Very many opinions by members of ASF.  For a start go over to the Commodities Pages under Forums and find a thread called "The Gold Price where it is heading."   In fact it is very enlightening to start at the beginning of this thread and sift your way through.

Gold has been going up in a strong trend since 2001 and there are no reasons at the moment in my view why this trend should not continue.


----------



## GumbyLearner (27 December 2010)

explod said:


> Very many opinions by members of ASF.  For a start go over to the Commodities Pages under Forums and find a thread called "The Gold Price where it is heading."   In fact it is very enlightening to start at the beginning of this thread and sift your way through.
> 
> Gold has been going up in a strong trend since 2001 and there are no reasons at the moment in my view why this trend should not continue.




I agree with explod.

The investment demand has only just began rapidly growing in China this year.
Also, note the Christmas day interest rate hike by China's Central Bank in an attempt to combat inflation.   

But there are others on ASF with different opinions. 

*China Gold Imports Jump Almost Fivefold to 209 Tons, Bourse Says*

(Bloomberg)
Updated: 2010-12-02 10:01

China's gold imports in the first 10 months jumped almost fivefold from the entire amount shipped in last year as concern about higher inflation increased its appeal as a store of value, said the Shanghai Gold Exchange.

Imports have gained to 209 metric tons compared with 45 tons for all of 2009, Shen Xiangrong, chairman of the bourse, told a conference in Shanghai today. China is the world's largest producer and second-largest consumer.

Bullion has gained 27 percent this year and is set for a 10th annual gain as the dollar has declined and investors sought a store of value amid concern that the global economic recovery may falter. China has pledged to use price controls and may raise interest rates a second time this year to slow inflation that rose in October to a two-year high.

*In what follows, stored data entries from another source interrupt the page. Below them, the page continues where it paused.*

text \<open>Irreducibility: the directed graph of the matrix is strongly connected
  (standard equivalent of non-reducibility by permutation; 1x1 matrices are irreducible).\<close>
definition irreducible_mat :: "real^'n^'n \<Rightarrow> bool" where
  "irreducible_mat A \<longleftrightarrow> (\<forall>i j. i \<noteq> j \<longrightarrow> (i, j) \<in> {(a, b). A$a$b \<noteq> 0}\<^sup>+)"

definition spectral_radius :: "real^'n^'n \<Rightarrow> real" where
  "spectral_radius A = Sup {cmod z | z. \<exists>v :: complex^'n. v \<noteq> 0 \<and>
      (\<chi> i j. complex_of_real (A$i$j)) *v v = z *s v}"

end

theory Submission imports Defs begin

text \<open>If \<open>B \<ge> 0\<close> entrywise and \<open>\<lambda>(B) < 1\<close>, then \<open>G = I - B\<close> is inverse-monotone:
  \<open>G x \<le> G y\<close> implies \<open>x \<le> y\<close>. Otherwise the negative part \<open>u \<noteq> 0\<close> of \<open>y - x\<close> satisfies
  \<open>B u \<ge> u\<close>, and Brouwer's theorem for \<open>v \<mapsto> B v / \<Sum>\<^sub>i (B v)\<^sub>i\<close> on the simplex vectors with
  \<open>B v \<ge> v\<close> yields an eigenvector of \<open>B\<close> with eigenvalue at least 1.
  Now let \<open>G p = m\<close> and \<open>H q = n\<close> be two such systems that differ only in row \<open>i\<close>. If \<open>p\<close> is
  infeasible for \<open>H\<close> and \<open>q\<close> infeasible for \<open>G\<close>, both violations occur in row \<open>i\<close>, so
  \<open>G q \<le> G p\<close> and \<open>H p \<le> H q\<close>; inverse monotonicity gives \<open>p = q\<close>, a contradiction.\<close>

lemma bdd_above_eigenvalue_moduli:
  fixes A :: "real^'n^'n"
  shows "bdd_above {cmod z | z. \<exists>v :: complex^'n. v \<noteq> 0 \<and>
      (\<chi> i j. complex_of_real (A$i$j)) *v v = z *s v}"
proof -
  let ?M = "(\<chi> i j. complex_of_real (A$i$j)) :: complex^'n^'n"
  have "bounded_linear ((*v) ?M)" by simp
  then obtain C where C: "\<And>x. norm (?M *v x) \<le> norm x * C"
    using bounded_linear.bounded by blast
  have norm_smult: "norm (z *s v) = cmod z * norm v" for z :: complex and v :: "complex^'n"
  proof -
    have "norm (z *s v) = L2_set (\<lambda>i. cmod z * norm (v$i)) UNIV"
      unfolding norm_vec_def by (simp add: vector_scalar_mult_def norm_mult)
    also have "\<dots> = cmod z * L2_set (\<lambda>i. norm (v$i)) UNIV"
      by (simp add: L2_set_right_distrib)
    finally show ?thesis by (simp add: norm_vec_def)
  qed
  show ?thesis
  proof (rule bdd_aboveI[of _ C], clarify)
    fix z :: complex and v :: "complex^'n"
    assume v: "v \<noteq> 0" and eig: "?M *v v = z *s v"
    have "cmod z * norm v \<le> norm v * C" using C[of v] eig norm_smult by simp
    moreover have "norm v > 0" using v by simp
    ultimately show "cmod z \<le> C" by (simp add: mult.commute)
  qed
qed

lemma abs_real_eigenvalue_le_spectral_radius:
  fixes A :: "real^'n^'n" and v :: "real^'n"
  assumes "v \<noteq> 0" and "A *v v = s *s v"
  shows "\<bar>s\<bar> \<le> spectral_radius A"
proof -
  let ?vc = "(\<chi> i. complex_of_real (v$i)) :: complex^'n"
  have "?vc \<noteq> 0" using assms(1) by (auto simp: vec_eq_iff)
  moreover have "(\<chi> i j. complex_of_real (A$i$j)) *v ?vc = complex_of_real s *s ?vc"
  proof -
    have "(A *v v)$i = s * v$i" for i using assms(2) by (simp add: vector_scalar_mult_def)
    then show ?thesis
      by (auto simp: vec_eq_iff matrix_vector_mult_def vector_scalar_mult_def
          simp flip: of_real_mult of_real_sum)
  qed
  ultimately have "cmod (complex_of_real s) \<in> {cmod z | z. \<exists>v :: complex^'n. v \<noteq> 0 \<and>
      (\<chi> i j. complex_of_real (A$i$j)) *v v = z *s v}" by blast
  then show ?thesis unfolding spectral_radius_def
    using cSup_upper[OF _ bdd_above_eigenvalue_moduli] by fastforce
qed

lemma nonneg_matrix_vector_mult_nonneg:
  fixes B :: "real^'n^'n"
  assumes "\<forall>i j. B$i$j \<ge> 0" and "\<forall>j. x$j \<ge> 0"
  shows "(B *v x)$i \<ge> 0"
  using assms by (auto simp: matrix_vector_mult_def intro!: sum_nonneg)

definition growth_simplex :: "real^'n^'n \<Rightarrow> (real^'n) set" where
  "growth_simplex B = {v. (\<forall>i. v$i \<ge> 0) \<and> (\<Sum>i\<in>UNIV. v$i) = 1 \<and> (\<forall>i. v$i \<le> (B *v v)$i)}"

lemma compact_growth_simplex:
  fixes B :: "real^'n^'n"
  shows "compact (growth_simplex B)"
proof -
  have "growth_simplex B = (\<Inter>i. {v. v$i \<ge> 0}) \<inter> {v. (\<Sum>i\<in>UNIV. v$i) = 1}
      \<inter> (\<Inter>i. {v. (B *v v)$i - v$i \<ge> 0})"
    unfolding growth_simplex_def by auto
  moreover have "closed {v::real^'n. (\<Sum>i\<in>UNIV. v$i) = 1}"
    by (intro closed_Collect_eq continuous_intros)
  moreover have "closed {v::real^'n. v$i \<ge> 0}" for i
    by (intro closed_Collect_le continuous_intros)
  moreover have "closed {v. (B *v v)$i - v$i \<ge> 0}" for i
    unfolding matrix_vector_mult_def by (intro closed_Collect_le continuous_intros)
  ultimately have "closed (growth_simplex B)" by (auto intro!: closed_Int closed_INT)
  moreover have "norm v \<le> 1" if "v \<in> growth_simplex B" for v
  proof -
    have "norm v \<le> (\<Sum>i\<in>UNIV. \<bar>v$i\<bar>)" by (rule norm_le_l1_cart)
    also have "\<dots> = 1" using that unfolding growth_simplex_def by simp
    finally show ?thesis .
  qed
  then have "bounded (growth_simplex B)" unfolding bounded_iff by blast
  ultimately show ?thesis using compact_eq_bounded_closed by blast
qed

lemma convex_growth_simplex:
  fixes B :: "real^'n^'n"
  shows "convex (growth_simplex B)"
proof (rule convexI)
  fix x y :: "real^'n" and a b :: real
  assume "x \<in> growth_simplex B" "y \<in> growth_simplex B" and ab: "0 \<le> a" "0 \<le> b" "a + b = 1"
  then have x: "\<forall>i. 0 \<le> x$i" "(\<Sum>i\<in>UNIV. x$i) = 1" "\<forall>i. x$i \<le> (B *v x)$i"
    and y: "\<forall>i. 0 \<le> y$i" "(\<Sum>i\<in>UNIV. y$i) = 1" "\<forall>i. y$i \<le> (B *v y)$i"
    unfolding growth_simplex_def by auto
  have lin: "B *v (a *\<^sub>R x + b *\<^sub>R y) = a *\<^sub>R (B *v x) + b *\<^sub>R (B *v y)"
    by (simp add: matrix_vector_right_distrib matrix_vector_mult_scaleR)
  have "(\<Sum>i\<in>UNIV. a * x$i + b * y$i) = 1"
    using x y ab by (simp add: sum.distrib sum_distrib_left[symmetric])
  moreover have "a * x$i + b * y$i \<le> (B *v (a *\<^sub>R x + b *\<^sub>R y))$i" for i
    using x(3) y(3) ab lin by (simp add: add_mono mult_left_mono)
  moreover have "0 \<le> a * x$i + b * y$i" for i
    using x(1) y(1) ab by simp
  ultimately show "a *\<^sub>R x + b *\<^sub>R y \<in> growth_simplex B"
    unfolding growth_simplex_def by simp
qed

lemma growth_simplex_nonempty:
  assumes u_nonneg: "\<forall>i. u$i \<ge> 0" and "u \<noteq> 0" and Bu: "\<forall>i. (B *v u)$i \<ge> u$i"
  shows "growth_simplex B \<noteq> {}"
proof -
  define c where "c = (\<Sum>i\<in>UNIV. u$i)"
  obtain k where "u$k \<noteq> 0" using \<open>u \<noteq> 0\<close> by (auto simp: vec_eq_iff)
  then have "u$k > 0" using u_nonneg by (metis less_eq_real_def)
  moreover have "c \<ge> u$k" unfolding c_def using u_nonneg by (intro member_le_sum) auto
  ultimately have c: "c > 0" by simp
  have "(1/c) *\<^sub>R u \<in> growth_simplex B" unfolding growth_simplex_def using c u_nonneg Bu
    by (auto simp: matrix_vector_mult_scaleR sum_divide_distrib[symmetric] c_def divide_right_mono)
  then show ?thesis by blast
qed

lemma growth_simplex_sum_ge_one:
  assumes "v \<in> growth_simplex B"
  shows "(\<Sum>i\<in>UNIV. (B *v v)$i) \<ge> 1"
proof -
  have "(\<Sum>i\<in>UNIV. v$i) \<le> (\<Sum>i\<in>UNIV. (B *v v)$i)"
    using assms unfolding growth_simplex_def by (intro sum_mono) auto
  then show ?thesis using assms unfolding growth_simplex_def by simp
qed

lemma normalized_image_in_growth_simplex:
  fixes B :: "real^'n^'n"
  assumes B_nonneg: "\<forall>i j. B$i$j \<ge> 0" and v: "v \<in> growth_simplex B"
  shows "(1 / (\<Sum>i\<in>UNIV. (B *v v)$i)) *\<^sub>R (B *v v) \<in> growth_simplex B"
proof -
  define s where "s = (\<Sum>i\<in>UNIV. (B *v v)$i)"
  have s: "s \<ge> 1" using growth_simplex_sum_ge_one[OF v] s_def by simp
  have Bv_nonneg: "\<forall>i. (B *v v)$i \<ge> 0"
    using v B_nonneg nonneg_matrix_vector_mult_nonneg unfolding growth_simplex_def by blast
  have "(B *v (B *v v - v))$i \<ge> 0" for i
    using v B_nonneg by (intro nonneg_matrix_vector_mult_nonneg) (auto simp: growth_simplex_def)
  then have BBv: "(B *v (B *v v))$i \<ge> (B *v v)$i" for i
    by (simp add: matrix_vector_mult_diff_distrib)
  show ?thesis unfolding growth_simplex_def s_def[symmetric] using s Bv_nonneg BBv
    by (auto simp: matrix_vector_mult_scaleR sum_divide_distrib[symmetric] s_def divide_right_mono)
qed

lemma nonneg_matrix_eigenvalue_ge_one:
  fixes B :: "real^'n^'n" and u :: "real^'n"
  assumes B_nonneg: "\<forall>i j. B$i$j \<ge> 0"
    and "\<forall>i. u$i \<ge> 0" and "u \<noteq> 0" and "\<forall>i. (B *v u)$i \<ge> u$i"
  obtains v s where "v \<noteq> 0" and "s \<ge> 1" and "B *v v = s *s v"
proof -
  let ?S = "growth_simplex B"
  define f where "f v = (1 / (\<Sum>i\<in>UNIV. (B *v v)$i)) *\<^sub>R (B *v v)" for v
  have "continuous_on ?S f"
    using growth_simplex_sum_ge_one unfolding f_def matrix_vector_mult_def
    by (intro continuous_intros) force
  moreover have "f \<in> ?S \<rightarrow> ?S"
    using normalized_image_in_growth_simplex[OF B_nonneg] unfolding f_def by blast
  ultimately obtain v where v: "v \<in> ?S" "f v = v"
    using brouwer[OF compact_growth_simplex convex_growth_simplex
        growth_simplex_nonempty[OF assms(2-4)]] by blast
  define s where "s = (\<Sum>i\<in>UNIV. (B *v v)$i)"
  have s: "s \<ge> 1" using growth_simplex_sum_ge_one[OF v(1)] s_def by simp
  have "B *v v = s *\<^sub>R ((1/s) *\<^sub>R (B *v v))" using s by simp
  also have "\<dots> = s *\<^sub>R v" using v(2) unfolding f_def s_def by simp
  finally have "B *v v = s *s v" by (simp add: scalar_mult_eq_scaleR)
  moreover have "v \<noteq> 0" using v(1) unfolding growth_simplex_def by auto
  ultimately show ?thesis using s that by blast
qed

lemma nonneg_matrix_spectral_radius_ge_one:
  fixes B :: "real^'n^'n" and u :: "real^'n"
  assumes "\<forall>i j. B$i$j \<ge> 0"
    and "\<forall>i. u$i \<ge> 0" and "u \<noteq> 0" and "\<forall>i. (B *v u)$i \<ge> u$i"
  shows "spectral_radius B \<ge> 1"
proof -
  obtain v s where "v \<noteq> 0" "s \<ge> 1" "B *v v = s *s v"
    using nonneg_matrix_eigenvalue_ge_one[OF assms] .
  then show ?thesis using abs_real_eigenvalue_le_spectral_radius by fastforce
qed

definition inverse_monotone :: "real^'n^'n \<Rightarrow> bool" where
  "inverse_monotone G \<longleftrightarrow>
     (\<forall>x y. (\<forall>i. (G *v x)$i \<le> (G *v y)$i) \<longrightarrow> (\<forall>i. x$i \<le> y$i))"

lemma inverse_monotone_I_minus_nonneg:
  fixes B :: "real^'n^'n"
  assumes B_nonneg: "\<forall>i j. B$i$j \<ge> 0" and rad: "spectral_radius B < 1"
  shows "inverse_monotone (mat 1 - B)"
  unfolding inverse_monotone_def
proof (rule allI, rule allI, rule impI)
  fix x y :: "real^'n"
  assume le: "\<forall>i. ((mat 1 - B) *v x)$i \<le> ((mat 1 - B) *v y)$i"
  define d where "d = y - x"
  have d: "d$i - (B *v d)$i \<ge> 0" for i
    using le[rule_format, of i]
    by (simp add: d_def matrix_vector_mult_diff_distrib matrix_vector_mult_diff_rdistrib)
  define u where "u = (\<chi> i. max (- d$i) 0)"
  have u_nonneg: "\<forall>i. u$i \<ge> 0" unfolding u_def by simp
  have Bu: "\<forall>i. (B *v u)$i \<ge> u$i"
  proof
    fix i
    have "(\<Sum>j\<in>UNIV. B$i$j * (- u$j)) \<le> (\<Sum>j\<in>UNIV. B$i$j * d$j)"
      using B_nonneg by (intro sum_mono mult_left_mono) (auto simp: u_def)
    then have "(B *v d)$i \<ge> - (B *v u)$i" by (simp add: matrix_vector_mult_def sum_negf)
    moreover have "(B *v u)$i \<ge> 0"
      using B_nonneg u_nonneg by (rule nonneg_matrix_vector_mult_nonneg)
    ultimately show "(B *v u)$i \<ge> u$i" using d[of i] unfolding u_def by auto
  qed
  have "u = 0"
    using nonneg_matrix_spectral_radius_ge_one[OF B_nonneg u_nonneg _ Bu] rad by fastforce
  then show "\<forall>i. x$i \<le> y$i" by (auto simp: u_def d_def vec_eq_iff max_def split: if_splits)
qed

"People there need to buy gold to hedge against inflation as the country's tightening monetary policy drives investors from stocks and properties to gold," said Hiroyuki Kikukawa, general manager of research at IDO Securities Co. in Tokyo. China's demand would continue to grow, making the country one of the top importers together with India, he said.

Gold demand in China gained in the first half of this year as government measures to cool the property market and falling equities spurred investment, the Shanghai Gold Exchange said July 7.

"The expectation for higher inflation has fueled great interest among investors to hold physical gold, which led to higher imports," the exchange's Shen said.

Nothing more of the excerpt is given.